Conference Final | Game 2: Sherwin Solves Hawks

Delta captain Alec Scouras (14) reacts in the foreground as Whaler Zac Sherwin (16) celebrates his empty-netter Mar. 7. | Photo courtesy of Alistair Burns, White Rock Whalers.

Whalers lead series 2-0

LADNER LEISURE CENTRE – A few months ago, talented winger Zac Sherwin left the Whalers for the Jr. ‘A’ Langley Rivermen. A crucial question arose: who would step up to score?

Now – since he’s returned to the Pod – the ironic answer is Zac Sherwin himself. The veteran Whaler lit the lamp twice and added an assist to guide White Rock to a 4-2 victory in game two of the Shaw Conference Final Mar. 7.

“I don’t think there’s a harder-working guy on the ice for either team,” White Rock head coach Jason Rogers said. Zac’s “going every night, every minute, every shift.”

The Whalers now lead the Delta Ice Hawks 2-0 in the best-of-seven series.

Dream start

Off the opening face-off, Sherwin won a race to a loose puck down the left wing and drew a Delta defenceman to him.
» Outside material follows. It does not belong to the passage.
(* Let $R$ be a finite commutative chain ring with maximal ideal $\langle a\rangle$, $a$ of nilpotency index $t$, residue field $\mathbb F_q$ of characteristic $p$. Let $e_1,\dots,e_r$ be positive integers not divisible by $p$, $I=\langle X_1^{e_1}-1,\dots,X_r^{e_r}-1\rangle$, $A=R[X_1,\dots,X_r]/I$, and let $\tau$ be the ring automorphism of $A$ given by $\tau(f(X_1,\dots,X_r)+I)=f(X_1^{e_1-1},\dots,X_r^{e_r-1})+I$. Let $\mathcal K$ be an ideal of $A$ and $G_0,\dots,G_t\in R[X_1,\dots,X_r]$ polynomials such that $\bigcap_{i=0}^t\mathrm{Ann}_A\langle G_i+I\rangle=0$, $\mathrm{Ann}_A\langle G_i+I\rangle+\mathrm{Ann}_A\langle G_j+I\rangle=A$ for all $0\le i<j\le t$, and $\mathcal K=\langle G_1,aG_2,\dots,a^{t-1}G_t\rangle+I$. Then $$\mathcal K^\perp=\langle\tau(G_0),a\tau(G_t),\dots,a^{t-1}\tau(G_2)\rangle+I,$$ and the polynomials $\tau(G_0),\dots,\tau(G_t)$ also satisfy $\bigcap_{i}\mathrm{Ann}_A\langle\tau(G_i)+I\rangle=0$ and pairwise comaximality of the annihilators $\mathrm{Ann}_A\langle \tau(G_i)+I\rangle$.
   Context: $\tau(G_i)$ denotes $G_i(X_1^{e_1-1},\dots,X_r^{e_r-1})$. $A$ is a free $R$-module with basis the monomials $X_1^{i_1}\cdots X_r^{i_r}$, $0\le i_k<e_k$; elements are identified with coefficient vectors in $R^n$, $n=e_1\cdots e_r$. For $\mathbf x,\mathbf y\in R^n$, $\mathbf x\cdot\mathbf y=\sum_k x_ky_k$, and for a code $\mathcal K$, $\mathcal K^\perp=\{\mathbf x:\mathbf x\cdot\mathbf c=0\ \forall\mathbf c\in\mathcal K\}$. *)

theory Defs
  imports "HOL-Computational_Algebra.Primes"
begin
The winger then fired a precise tape-to-tape pass to hustling teammate Chris Fortems.

Chaos ensues in the White Rock crease while Whaler goalie Keegan Maddocks tracks the puck in the first period Mar. 7. He faced 50 shots for his fifth play-off win this spring. | Photo courtesy of Alistair Burns, White Rock Whalers.

Fortems showed grace under pressure and picked the top corner past Delta goalie Braedy Euerby. It was White Rock’s first shot of the game.
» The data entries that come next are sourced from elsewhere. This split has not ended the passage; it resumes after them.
lemma mollify_nonneg:
  assumes "0 < \<nu>" "\<And>y. 0 \<le> f y"
  shows "0 \<le> mollify \<nu> f x"
proof -
  have "0 \<le> std_mollifier y" for y
    unfolding std_mollifier_def std_mollifier_raw_def
    by (intro divide_nonneg_nonneg integral_nonneg_AE AE_I2) auto
  then show ?thesis
    unfolding mollify_def mollifier_def using assms
    by (intro integral_nonneg_AE AE_I2 mult_nonneg_nonneg divide_nonneg_nonneg) auto
qed

lemma viscous_solution_regularity:
  assumes "viscous_solution Vd od \<epsilon> \<nu> T q_init q" "0 < T"
  obtains qt qx qtx qxx where "mixed_H1_strip T q qt qx qtx"
    and "\<And>t x. t \<in> {0<..<T} \<Longrightarrow> ((\<lambda>y. qx (t, y)) has_real_derivative qxx (t, x)) (at x)"
    and "continuous_on ({0..T} \<times> UNIV) q"
    and "\<And>x. q (0, x) = q_init x"
    and "\<And>t x. t \<in> {0<..<T} \<Longrightarrow> ((\<lambda>y. Vd 0 ((od 0 y - q (t, y)) / \<epsilon>) * q (t, y))
           has_real_derivative \<nu> * (qxx (t, x) - od 2 x) - qt (t, x)) (at x)"
proof -
  obtain D :: "nat \<Rightarrow> nat \<Rightarrow> real \<times> real \<Rightarrow> real" where
    D00: "D 0 0 = q" and
    D_deriv: "\<forall>i j. i + j < 5 \<longrightarrow> (\<forall>t\<in>{0<..<T}. \<forall>x.
        ((\<lambda>s. D i j (s, x)) has_real_derivative D (Suc i) j (t, x)) (at t) \<and>
        ((\<lambda>y. D i j (t, y)) has_real_derivative D i (Suc j) (t, x)) (at x))" and
    D_reg: "\<forall>i j. i + j \<le> 5 \<longrightarrow> continuous_on ({0<..<T} \<times> UNIV) (D i j) \<and>
        set_integrable lborel ({0<..<T} \<times> UNIV) (\<lambda>z. (D i j z)\<^sup>2)" and
    rest: "continuous_on ({0..T} \<times> UNIV) q" "\<forall>x. q (0, x) = q_init x"
      "\<forall>t\<in>{0<..<T}. \<forall>x. ((\<lambda>y. Vd 0 ((od 0 y - q (t, y)) / \<epsilon>) * q (t, y))
         has_real_derivative \<nu> * (D 0 2 (t, x) - od 2 x) - D 1 0 (t, x)) (at x)"
    using assms(1) unfolding viscous_solution_def by blast
  have "mixed_H1_strip T q (D 1 0) (D 0 1) (D 1 1)"
  proof
    show "continuous_on ({0<..<T} \<times> UNIV) f" "set_integrable lborel ({0<..<T} \<times> UNIV) (\<lambda>w. (f w)\<^sup>2)"
      if "f \<in> {q, D 1 0, D 0 1, D 1 1}" for f
      using that D_reg D00 by auto
  qed (use assms(2) D_deriv D00 in \<open>fastforce+\<close>)
  moreover have "((\<lambda>y. D 0 1 (t, y)) has_real_derivative D 0 2 (t, x)) (at x)" if "t \<in> {0<..<T}" for t x
    using D_deriv that by (auto simp: numeral_2_eq_2)
  ultimately show thesis
    using that rest by blast
qed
The Whalers consistently frustrated the Ice Hawk forwards from employing their vaunted three-man forecheck. Instead, the White Rock defensive corps kept calm and either pivoted to skate with the puck out of their own end when there was open ice, or made short passes.

‘Monster save’ Maddocks

In the second period, Ice Hawk Dominic Passalacqua-Main put home a rebound past Whaler goalie Keegan Maddocks to tie the game. But Maddocks faced a total of 50 Delta shots and picked up his fifth playoff victory for the Pod.
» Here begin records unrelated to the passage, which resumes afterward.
(* Let $n \ge 1$ and let $a_1,\dots,a_n > 0$. Let $\Lambda_o \subset \mathbb{R}^n$ be the orthogonal lattice generated by $a_1\mathbf{e}_1,\dots,a_n\mathbf{e}_n$ (where $\mathbf{e}_i$ are the standard basis vectors). Let $\Lambda_s \neq \Lambda_o$ be a lattice in $\mathbb{R}^n$ having a generator matrix that is an upper triangular $n\times n$ real matrix with diagonal entries $a_1,\dots,a_n$ (a "skewing" of $\Lambda_o$). Then for all $x>0$, $$\sum_{\mathbf{t}\in\Lambda_s} e^{-x\|\mathbf{t}\|^2} < \sum_{\mathbf{t}\in\Lambda_o} e^{-x\|\mathbf{t}\|^2}.$$
   Context: A lattice $\Lambda\subset\mathbb{R}^n$ generated by a matrix $M\in\mathbb{R}^{n\times n}$ with linearly independent columns is $\{M\omega : \omega\in\mathbb{Z}^n\}$. $\|\cdot\|$ is the Euclidean norm. *)

theory Defs
  imports "HOL-Analysis.Analysis"
begin

text \<open>Lattice generated by the columns of M: the set of all M w with w an integer vector.
  Entry M $ i $ j is row i, column j.\<close>
definition lattice_gen :: "real^'n^'n \<Rightarrow> (real^'n) set" where
  "lattice_gen M = {M *v w | w. \<forall>i. w $ i \<in> \<int>}"

definition diag_mat :: "real^'n \<Rightarrow> real^'n^'n" where
  "diag_mat a = (\<chi> i j. if i = j then a $ i else 0)"

class finite_linorder = finite + linorder

instance num1 :: finite_linorder ..
instance bit0 :: (finite) finite_linorder ..
instance bit1 :: (finite) finite_linorder ..

end

theory Submission
  imports Defs
begin

text \<open>Let \<open>theta s c = \<Sum>\<^sub>k exp (- s (k + c)\<^sup>2)\<close>. Splitting pairs of integers by parity gives a
  duplication formula expressing \<open>theta s u * theta s v\<close> through \<open>theta (2 s)\<close>; with
  Cauchy-Schwarz it yields \<open>theta s c ^ 4 \<le> theta s 0 ^ 3 * theta s (2 c)\<close>, so \<open>theta s\<close> is
  maximal at \<open>0\<close>. The maximum is strict off \<open>\<int>\<close>: equality would persist for all \<open>2\<^sup>n s\<close>,
  contradicting the decay of \<open>theta s c\<close> as \<open>s \<rightarrow> \<infinity>\<close>.

  For the lattice, sum over the integer coordinate vector \<open>w\<close> one coordinate at a time, working
  through the rows of the triangular generator from the top. At row \<open>i\<close> the \<open>i\<close>-th column is
  \<open>a\<^sub>i e\<^sub>i\<close>, so each fibre sum is a theta sum shifted by \<open>(M w)\<^sub>i / a\<^sub>i\<close>; replacing the row
  by its diagonal entry removes the shift and does not decrease the total, strictly so if some
  ratio \<open>M\<^sub>i\<^sub>k / a\<^sub>i\<close> is not an integer. If all these ratios are integers, the skewed lattice
  is a proper sublattice of the orthogonal one.\<close>

section \<open>Theta sums\<close>

lemma summable_on_exp_neg_abs_int:
  fixes \<alpha> :: real
  assumes "\<alpha> > 0"
  shows "(\<lambda>k::int. exp (- \<alpha> * \<bar>of_int k\<bar>)) summable_on UNIV"
proof -
  have "summable (\<lambda>n. exp (- \<alpha>) ^ n)"
    using assms by (intro summable_geometric) simp
  then have geo: "(\<lambda>n::nat. exp (- \<alpha> * real n)) summable_on UNIV"
    by (subst summable_on_UNIV_nonneg_real_iff) (auto simp: exp_of_nat_mult [symmetric] mult.commute)
  have "(\<lambda>k::int. exp (- \<alpha> * \<bar>of_int k\<bar>)) summable_on range int"
    using geo by (subst summable_on_reindex) (auto simp: o_def)
  moreover have "(\<lambda>k::int. exp (- \<alpha> * \<bar>of_int k\<bar>)) summable_on range (\<lambda>n. - int n)"
    using geo by (subst summable_on_reindex) (auto simp: o_def inj_on_def)
  moreover have "range int \<union> range (\<lambda>n. - int n) = UNIV"
    by (auto simp: image_iff) (metis int_cases2)
  ultimately show ?thesis
    by (metis summable_on_union)
qed

definition theta :: "real \<Rightarrow> real \<Rightarrow> real" where
  "theta s c = (\<Sum>\<^sub>\<infinity>k::int. exp (- s * (of_int k + c)\<^sup>2))"

lemma theta_summand_le:
  fixes s c :: real and k :: int
  assumes "s > 0"
  shows "exp (- s * (of_int k + c)\<^sup>2) \<le> exp (s * c\<^sup>2) * exp (- (s / 2) * \<bar>of_int k\<bar>)"
proof -
  have "\<bar>of_int k\<bar> \<le> \<bar>of_int k :: real\<bar>\<^sup>2"
    using self_le_power [of "\<bar>of_int k :: real\<bar>" 2] by (cases "k = 0") auto
  then have "\<bar>of_int k\<bar> \<le> (of_int k :: real)\<^sup>2"
    by simp
  moreover have "2 * (of_int k + c)\<^sup>2 + 2 * c\<^sup>2 - (of_int k)\<^sup>2 = (of_int k + 2 * c)\<^sup>2"
    by (simp add: power2_eq_square algebra_simps)
  ultimately have "\<bar>of_int k\<bar> \<le> 2 * (of_int k + c)\<^sup>2 + 2 * c\<^sup>2"
    using zero_le_power2 [of "of_int k + 2 * c"] by linarith
  then have "(s / 2) * \<bar>of_int k\<bar> \<le> (s / 2) * (2 * (of_int k + c)\<^sup>2 + 2 * c\<^sup>2)"
    using assms by (intro mult_left_mono) auto
  then have "- s * (of_int k + c)\<^sup>2 \<le> s * c\<^sup>2 + - (s / 2) * \<bar>of_int k\<bar>"
    by (simp add: algebra_simps)
  then show ?thesis
    by (simp add: exp_add [symmetric])
qed

lemma theta_summable:
  fixes s c :: real
  assumes "s > 0"
  shows "(\<lambda>k::int. exp (- s * (of_int k + c)\<^sup>2)) summable_on UNIV"
proof -
  have "(\<lambda>k::int. exp (s * c\<^sup>2) * exp (- (s / 2) * \<bar>of_int k\<bar>)) summable_on UNIV"
    using assms by (intro summable_on_cmult_right summable_on_exp_neg_abs_int) simp
  then show ?thesis
    by (rule summable_on_comparison_test) (use assms theta_summand_le in auto)
qed

lemma has_sum_theta:
  "s > 0 \<Longrightarrow> ((\<lambda>k::int. exp (- s * (of_int k + c)\<^sup>2)) has_sum theta s c) UNIV"
  unfolding theta_def by (rule has_sum_infsum, rule theta_summable)

lemma theta_summand_le_theta:
  "s > 0 \<Longrightarrow> exp (- s * (of_int k + c)\<^sup>2) \<le> theta s c"
  using finite_sum_le_has_sum [OF has_sum_theta, of s "{k}" c] by auto

lemma theta_pos: "s > 0 \<Longrightarrow> theta s c > 0"
  using theta_summand_le_theta [of s 0 c] by (meson exp_gt_zero less_le_trans)

lemma one_le_theta_zero: "s > 0 \<Longrightarrow> 1 \<le> theta s 0"
  using theta_summand_le_theta [of s 0 0] by simp

lemma theta_add_int:
  assumes "s > 0"
  shows "theta s (c + of_int m) = theta s c"
proof -
  have "bij_betw (\<lambda>k::int. k + m) UNIV UNIV"
    by (rule bij_betwI [where g = "\<lambda>k. k - m"]) auto
  from has_sum_reindex_bij_betw [OF this, of "\<lambda>k. exp (- s * (of_int k + c)\<^sup>2)"]
  have "((\<lambda>k::int. exp (- s * (of_int k + (c + of_int m))\<^sup>2)) has_sum theta s c) UNIV"
    using has_sum_theta [OF assms, of c] by (simp add: add_ac)
  then show ?thesis
    using has_sum_theta [OF assms] has_sum_unique by blast
qed

lemma theta_bounded:
  assumes "s > 0"
  shows "bdd_above (range (theta s))"
proof
  let ?B = "exp s * (\<Sum>\<^sub>\<infinity>k::int. exp (- (s / 2) * \<bar>of_int k\<bar>))"
  fix y assume "y \<in> range (theta s)"
  then obtain c where "y = theta s c" by blast
  define f where "f = c - of_int \<lfloor>c\<rfloor>"
  have f: "0 \<le> f" "f < 1"
    unfolding f_def by linarith+
  have "y = theta s f"
    using theta_add_int [OF assms, of f "\<lfloor>c\<rfloor>"] \<open>y = theta s c\<close> by (simp add: f_def)
  also have "\<dots> \<le> (\<Sum>\<^sub>\<infinity>k::int. exp (s * f\<^sup>2) * exp (- (s / 2) * \<bar>of_int k\<bar>))"
    unfolding theta_def using assms
    by (intro infsum_mono theta_summable theta_summand_le summable_on_cmult_right
        summable_on_exp_neg_abs_int) auto
  also have "\<dots> \<le> ?B"
  proof -
    have "f\<^sup>2 \<le> 1"
      using f by (simp add: abs_square_le_1)
    then have "exp (s * f\<^sup>2) \<le> exp s"
      using assms by (simp add: mult_left_le)
    moreover have "0 \<le> (\<Sum>\<^sub>\<infinity>k::int. exp (- (s / 2) * \<bar>of_int k\<bar>))"
      by (simp add: infsum_nonneg)
    ultimately show ?thesis
      by (simp add: infsum_cmult_right' mult_right_mono)
  qed
  finally show "y \<le> ?B" .
qed

lemma has_sum_cartesian_product_nonneg:
  fixes f g :: "_ \<Rightarrow> real"
  assumes f: "(f has_sum a) A" and g: "(g has_sum b) B"
    and "\<And>x. f x \<ge> 0" and "\<And>y. g y \<ge> 0"
  shows "((\<lambda>(x, y). f x * g y) has_sum (a * b)) (A \<times> B)"
proof -
  have fibre: "((\<lambda>y. (\<lambda>(x, y). f x * g y) (x, y)) has_sum (f x * b)) B" for x
    using has_sum_cmult_right [OF g, of "f x"] by simp
  have "((\<lambda>x. f x * b) has_sum (a * b)) A"
    by (rule has_sum_cmult_left [OF f])
  moreover have "(\<lambda>(x, y). f x * g y) summable_on A \<times> B"
    using fibre calculation assms by (intro summable_on_SigmaI) (auto intro: has_sum_imp_summable)
  ultimately show ?thesis
    using has_sum_SigmaI [OF fibre] by simp
qed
“Keegan was the player of the game for us,” Rogers said. When the Ice Hawks strung together a few successful shifts, “he battened down the hatches” and came cross-crease to make a “monster save.”

 

Delta goalie Braedy Euerby uses his blocker for a save while Whaler Ewan Rennie reacts to the rebound. | Photo courtesy of Alistair Burns, White Rock Whalers.

No school like the old school

Halfway through the middle frame, Whaler Sam Dowell performed an increasingly rare play at the side boards. He upended an Ice Hawk with an old school hip check.

The Whalers pressed hard in the final 20 minutes. Fortems returned the favour to Sherwin for the for a rebound goal only 44 seconds into the third and a 2-1 lead.

Six minutes later, as White Rock was shorthanded, alternate captain Matt Burry exploited a peculiar weakness for the Ice Hawks on the man advantage: their defenceman oddly stop skating for loose pucks near centre ice.

Similar to Travis Smythe’s shorthanded goal in the first game of the series, Burry picked up the puck and deked past both Delta defenders.

Whaler Matt Burry coolly goes to his backhand and scores Mar. 7. It was the second game in a row that White Rock has lit the lamp while shorthanded. | Photo courtesy of Alistair Burns, White Rock Whalers.

His backhand shot slipped through Euerby’s five-hole for the game-winner.

“It’s huge,” Rogers said. “It’s always a positive when you can get a shorthanded goal.”

New hardest-working man in show business

In the last minute, with Euerby on the bench for a Delta extra attacker, Sherwin buried an empty-netter and leaped for joy into the side boards.

Up in Jr. ‘A’, Sherwin learned to “work hard for every opportunity.” When he came back to White Rock, “all the boys were back together. We took one shift at a time.”